§ **Exercise directions**: Starting at the line that contains "h' w. val (inp" and ending at the line that contains "using finite_nodes acyclic_edges", the lines below are to be given again exactly, with nothing added.

<<<<

lemma subcircuit_computes:
  assumes restr: "\<forall>T'\<in>\<T>'. T' \<noteq> {} \<and> (\<exists>T\<in>\<T>. T \<inter> image h' w = T')"
  shows "\<exists>out'. or_circuit_computes h' w \<T>' reached reached_edges inp out'"
proof -
  obtain sel where sel: "sel T' \<in> \<T>" "sel T' \<inter> image h' w = T'" if "T' \<in> \<T>'" for T'
    using restr by metis
  have sel_reached: "out (sel T') \<in> reached" if "T' \<in> \<T>'" for T'
    using out_reached sel restr that by metis
  have "inj_on (out \<circ> sel) \<T>'"
    using inj_onD[OF inj_out] sel by (intro inj_onI) (metis comp_apply)
  moreover have "(out \<circ> sel) T' \<in> reached \<and> (\<forall>u. ((out \<circ> sel) T', u) \<notin> reached_edges)"
    if "T' \<in> \<T>'" for T'
    using sel_reached output_nodes sel that unfolding reached_edges_def by simp
  moreover have "val ((out \<circ> sel) T') = (\<exists>p\<in>T'. x p)"
    if "\<forall>p\<in>image h' w. val (inp p) = x p" "or_consistent reached reached_edges val" "T' \<in> \<T>'"
    for x val T'
    using reached_output_value[OF that(1,2) sel(1)] sel_reached sel(2) that(3) by simp
  moreover have "finite reached" "reached_edges \<subseteq> reached \<times> reached" "acyclic reached_edges"
    using finite_nodes acyclic_edges unfolding reached_def reached_edges_def
    by (auto intro: acyclic_subset)
  ultimately have "or_circuit_computes h' w \<T>' reached reached_edges inp (out \<circ> sel)"
    unfolding or_circuit_computes_iff
    using inj_on_subset[OF inj_inp sub_image] reached_inputs by blast
  then show ?thesis
    by blast
qed

lemma card_reached_edges_le: "card reached_edges \<le> card E"
  unfolding reached_edges_def using finite_edges by (simp add: card_mono)

end

lemma OR_complexity_le:
  "or_circuit_computes h w \<T> V E inp out \<Longrightarrow> OR_complexity h w \<T> \<le> card E"
  unfolding OR_complexity_def by (rule Least_le) blast

lemma OR_complexity_attained:
  assumes "\<exists>V E inp out. or_circuit_computes h w \<T> V E inp out"
  shows "\<exists>V E inp out. or_circuit_computes h w \<T> V E inp out \<and> card E = OR_complexity h w \<T>"
  using LeastI_ex[of "\<lambda>n. \<exists>V E inp out. or_circuit_computes h w \<T> V E inp out \<and> card E = n"] assms
  unfolding OR_complexity_def by blast

text \<open>The depth-one circuit with an edge from each pixel to the output of each pattern
  containing it. Numbering inputs evenly and outputs oddly keeps them apart and makes
  every edge go from even to odd, so no path has length two.\<close>
lemma or_circuit_exists:
  assumes fin: "finite \<T>" and patterns: "\<forall>T\<in>\<T>. T \<noteq> {} \<and> T \<subseteq> image h w"
  shows "\<exists>V E inp out. or_circuit_computes h w \<T> V E inp out"
proof -
  have fin_image: "finite (image h w)"
    by (simp add: image_def)
  obtain g :: "pixel \<Rightarrow> nat" where g: "inj_on g (image h w)"
    using finite_imp_inj_to_nat_seg[OF fin_image] by blast
  obtain f :: "pixel set \<Rightarrow> nat" where f: "inj_on f \<T>"
    using finite_imp_inj_to_nat_seg[OF fin] by blast
  define inp where "inp p = 2 * g p" for p
  define out where "out T = 2 * f T + 1" for T
  define E where "E = {(inp p, out T) | p T. T \<in> \<T> \<and> p \<in> T}"
  have inj_inp: "inj_on inp (image h w)"
    using g unfolding inp_def inj_on_def by auto
  have inj_out: "inj_on out \<T>"
    using f unfolding out_def inj_on_def by auto
  have edge_parity: "(u, v) \<in> E \<Longrightarrow> even u \<and> odd v" for u v
    unfolding E_def inp_def out_def by auto
  have "acyclic E"
  proof -
    have "trans E"
      unfolding trans_def using edge_parity by blast
    then show ?thesis
      unfolding acyclic_def using edge_parity by (auto simp: trancl_id)
  qed
  have out_preds: "(u, out T) \<in> E \<longleftrightarrow> u \<in> inp ` T" if "T \<in> \<T>" for u T
    using inj_onD[OF inj_out] that unfolding E_def by blast
  have output_has_pred: "\<exists>u. (u, out T) \<in> E" if T: "T \<in> \<T>" for T
  proof -
    obtain p where "p \<in> T"
      using patterns T by blast
    then have "(inp p, out T) \<in> E"
      unfolding E_def using T by blast
    then show ?thesis ..
  qed
  have inputs_no_pred: "{v \<in> inp ` image h w \<union> out ` \<T>. \<forall>u. (u, v) \<notin> E} = inp ` image h w"
    using output_has_pred edge_parity unfolding inp_def by fastforce
  have outputs: "out T \<in> inp ` image h w \<union> out ` \<T> \<and> (\<forall>u. (out T, u) \<notin> E)" if "T \<in> \<T>" for T
    using that edge_parity unfolding out_def by fastforce
  have "E \<subseteq> (inp ` image h w \<union> out ` \<T>) \<times> (inp ` image h w \<union> out ` \<T>)"
    using patterns unfolding E_def by blast
  moreover have "val (out T) = (\<exists>p\<in>T. x p)"
    if inputs: "\<forall>p\<in>image h w. val (inp p) = x p"
      and consistent: "or_consistent (inp ` image h w \<union> out ` \<T>) E val"
      and T: "T \<in> \<T>" for x val T
  proof -
    have "out T \<in> inp ` image h w \<union> out ` \<T>"
      using T by blast
    then have "val (out T) = (\<exists>u. (u, out T) \<in> E \<and> val u)"
      using consistent output_has_pred[OF T] unfolding or_consistent_def by blast
    also have "\<dots> = (\<exists>p\<in>T. val (inp p))"
      using out_preds[OF T] by auto
    also have "\<dots> = (\<exists>p\<in>T. x p)"
      using inputs patterns T by blast
    finally show ?thesis .
  qed
  ultimately have "or_circuit_computes h w \<T> (inp ` image h w \<union> out ` \<T>) E inp out"
    unfolding or_circuit_computes_iff
    using fin fin_image inj_inp inj_out \<open>acyclic E\<close> inputs_no_pred outputs by simp
  then show ?thesis
    by blast
qed

lemma OR_complexity_restrict_le:
  assumes "finite \<T>" and "\<forall>T\<in>\<T>. T \<noteq> {} \<and> T \<subseteq> image h w"
    and "image h' w \<subseteq> image h w"
    and "\<forall>T'\<in>\<T>'. T' \<noteq> {} \<and> (\<exists>T\<in>\<T>. T \<inter> image h' w = T')"
  shows "OR_complexity h' w \<T>' \<le> OR_complexity h w \<T>"
proof -
  obtain V E inp out where C: "or_circuit_computes h w \<T> V E inp out"
    and card: "card E = OR_complexity h w \<T>"
    using OR_complexity_attained[OF or_circuit_exists[OF assms(1,2)]] by blast
  interpret or_subcircuit h w \<T> V E inp out h'
    using C assms(3) by unfold_locales
  obtain out' where "or_circuit_computes h' w \<T>' reached reached_edges inp out'"
    using subcircuit_computes[OF assms(4)] by blast
  then have "OR_complexity h' w \<T>' \<le> card reached_edges"
    by (rule OR_complexity_le)
  then show ?thesis
    using card_reached_edges_le card by simp
qed

lemma OR_complexity_FHT_mono:
  assumes "1 \<le> h'" and "h' \<le> h"
  shows "OR_complexity h' w (FHT h' w) \<le> OR_complexity h w (FHT h w)"
proof (rule OR_complexity_restrict_le)
  show "finite (FHT h w)"
    by (rule finite_FHT)
  show "\<forall>T\<in>FHT h w. T \<noteq> {} \<and> T \<subseteq> image h w"
    using FHT_nonempty[of h] FHT_subset_image assms by simp
  show "image h' w \<subseteq> image h w"
    using assms(2) unfolding image_def by auto
  show "\<forall>T'\<in>FHT h' w. T' \<noteq> {} \<and> (\<exists>T\<in>FHT h w. T \<inter> image h' w = T')"
    using FHT_nonempty[OF assms(1)] FHT_restriction[OF assms] by simp
qed

theorem proposition9:
  fixes h w :: nat
  assumes "w \<ge> 2" and "h \<ge> 1"
  shows "OR_complexity h w (FHT h w)
           \<ge> OR_complexity (2 ^ nat \<lfloor>log 2 (real h)\<rfloor>) w (FHT (2 ^ nat \<lfloor>log 2 (real h)\<rfloor>) w)"
  using assms(2) two_power_floor_log_le by (intro OR_complexity_FHT_mono) simp_all

end
definition Jder ::
  "real \<Rightarrow> real \<Rightarrow> real \<Rightarrow> (('d::finite \<Rightarrow> int) \<Rightarrow> ('d \<Rightarrow> int) \<Rightarrow> real)
     \<Rightarrow> (('d \<Rightarrow> int) \<Rightarrow> real) \<Rightarrow> (('d \<Rightarrow> int) \<Rightarrow> real) \<Rightarrow> (('d \<Rightarrow> int) \<Rightarrow> real) \<Rightarrow> real" where
  "Jder a b p w h u \<phi> =
     (\<Sum>\<^sub>\<infinity>x. a * grad_prod w u \<phi> x + h x * u x * \<phi> x)
     + b * grad_norm_sq w u * (\<Sum>\<^sub>\<infinity>x. grad_prod w u \<phi> x)
     - (\<Sum>\<^sub>\<infinity>x. logterm p (u x) * \<phi> x)"

definition M_set ::
  "real \<Rightarrow> real \<Rightarrow> real \<Rightarrow> (('d::finite \<Rightarrow> int) \<Rightarrow> ('d \<Rightarrow> int) \<Rightarrow> real)
     \<Rightarrow> (('d \<Rightarrow> int) \<Rightarrow> real) \<Rightarrow> (('d \<Rightarrow> int) \<Rightarrow> real) set" where
  "M_set a b p w h = {v \<in> H_space w h. pos_part v \<noteq> (\<lambda>_. 0) \<and> neg_part v \<noteq> (\<lambda>_. 0) \<and>
       Jder a b p w h v (pos_part v) = 0 \<and> Jder a b p w h v (neg_part v) = 0}"

end

theory Submission
  imports Defs
begin

text \<open>Write \<open>v = r u\<^sup>+ + t u\<^sup>-\<close>. Since \<open>u\<^sup>+\<close> and \<open>u\<^sup>-\<close> have disjoint supports, the two
  conditions defining \<open>\<M>\<^sub>s\<^sub>,\<^sub>2\<close> become two scalar equations
  \<open>\<Phi>\<^sub>+(r, t) = 0\<close> and \<open>\<Phi>\<^sub>-(t, r) = 0\<close> with
  \<open>\<Phi>(r, t) = D(r, t) - r\<^sup>p (2 L ln r + G)\<close>, where \<open>D\<close> is a polynomial of degree 4 with
  nonnegative coefficients and positive \<open>r\<^sup>2\<close>-coefficient, and \<open>L > 0\<close>.
  A solution exists by Brouwer's fixed point theorem on a square \<open>[\<delta>, R]\<^sup>2\<close>, on whose sides
  the two functions have opposite signs. If \<open>(r\<^sub>0, t\<^sub>0)\<close> is a subsolution
  (\<open>\<Phi>\<^sub>\<pm> \<le> 0\<close>) and \<open>(r, t)\<close> a solution with \<open>\<lambda> = max (r/r\<^sub>0) (t/t\<^sub>0) > 1\<close>, then in the
  equation where the maximum is attained \<open>D\<close> grows at most by \<open>\<lambda>\<^sup>4\<close> while the nonlinear
  term grows by \<open>\<lambda>\<^sup>p \<ge> \<lambda>\<^sup>4\<close> and its logarithm strictly increases, a contradiction. Hence
  \<open>r \<le> r\<^sub>0\<close>, \<open>t \<le> t\<^sub>0\<close>: with \<open>(r\<^sub>0, t\<^sub>0) = (1, 1)\<close> this is the bound, and applied to two
  solutions it is uniqueness (the reverse scaling argument with \<open>\<lambda> < 1\<close>).
  All series involved converge because an admissible weight is bounded and uniformly
  row-summable (\<open>d + 2s > d\<close>), so every square-summable \<open>u\<close> with \<open>\<Sum> h u\<^sup>2 < \<infinity>\<close> lies
  in \<open>H\<^sup>s\<^sup>,\<^sup>2\<close>, and \<open>|t|\<^sup>p log t\<^sup>2 = O(t\<^sup>2)\<close> on bounded sets for \<open>p \<ge> 3\<close>.\<close>

section \<open>Row-summability of admissible weights\<close>

lemma summable_on_int_powr_decay:
  assumes "1 < \<beta>"
  shows "(\<lambda>k::int. (1 + real_of_int \<bar>k\<bar>) powr (-\<beta>)) summable_on UNIV"
proof -
  define \<phi> where "\<phi> = (\<lambda>k::int. (1 + real_of_int \<bar>k\<bar>) powr (-\<beta>))"
  have "summable (\<lambda>n. real n powr (-\<beta>))" using assms by (subst summable_real_powr_iff) auto
  hence "summable (\<lambda>n. real (Suc n) powr (-\<beta>))" by (subst summable_Suc_iff)
  hence nat_summable: "(\<lambda>n. (1 + real n) powr (-\<beta>)) summable_on UNIV"
    by (intro summable_nonneg_imp_summable_on) auto
  have on_nonneg: "\<phi> summable_on (range int)"
    by (subst summable_on_reindex) (use nat_summable in \<open>auto simp: \<phi>_def o_def\<close>)
  have "(\<lambda>n. (2 + real n) powr (-\<beta>)) summable_on UNIV"
    by (rule summable_on_comparison_test[OF nat_summable]) (use assms in \<open>auto intro!: powr_mono2'\<close>)
  hence on_neg: "\<phi> summable_on (range (\<lambda>n. - int n - 1))"
    by (subst summable_on_reindex) (auto simp: inj_on_def \<phi>_def o_def add.commute)
  have "UNIV = range int \<union> range (\<lambda>n. - int n - 1)"
  proof safe
    fix k :: int assume k: "k \<notin> range (\<lambda>n. - int n - 1)"
    show "k \<in> range int"
    proof (cases "k \<ge> 0")
      case True thus ?thesis by (metis nat_0_le rangeI)
    next
      case False
      hence "k = - int (nat (-k-1)) - 1" by simp
      with k show ?thesis by blast
    qed
  qed auto
  thus ?thesis unfolding \<phi>_def[symmetric] using summable_on_union[OF on_nonneg on_neg] by simp
qed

>>>>

§ **Reply to the exercise**:
    if "\<forall>p\<in>image h' w. val (inp p) = x p" "or_consistent reached reached_edges val" "T' \<in> \<T>'"
    for x val T'
    using reached_output_value[OF that(1,2) sel(1)] sel_reached sel(2) that(3) by simp
  moreover have "finite reached" "reached_edges \<subseteq> reached \<times> reached" "acyclic reached_edges"
    using finite_nodes acyclic_edges unfolding reached_def reached_edges_def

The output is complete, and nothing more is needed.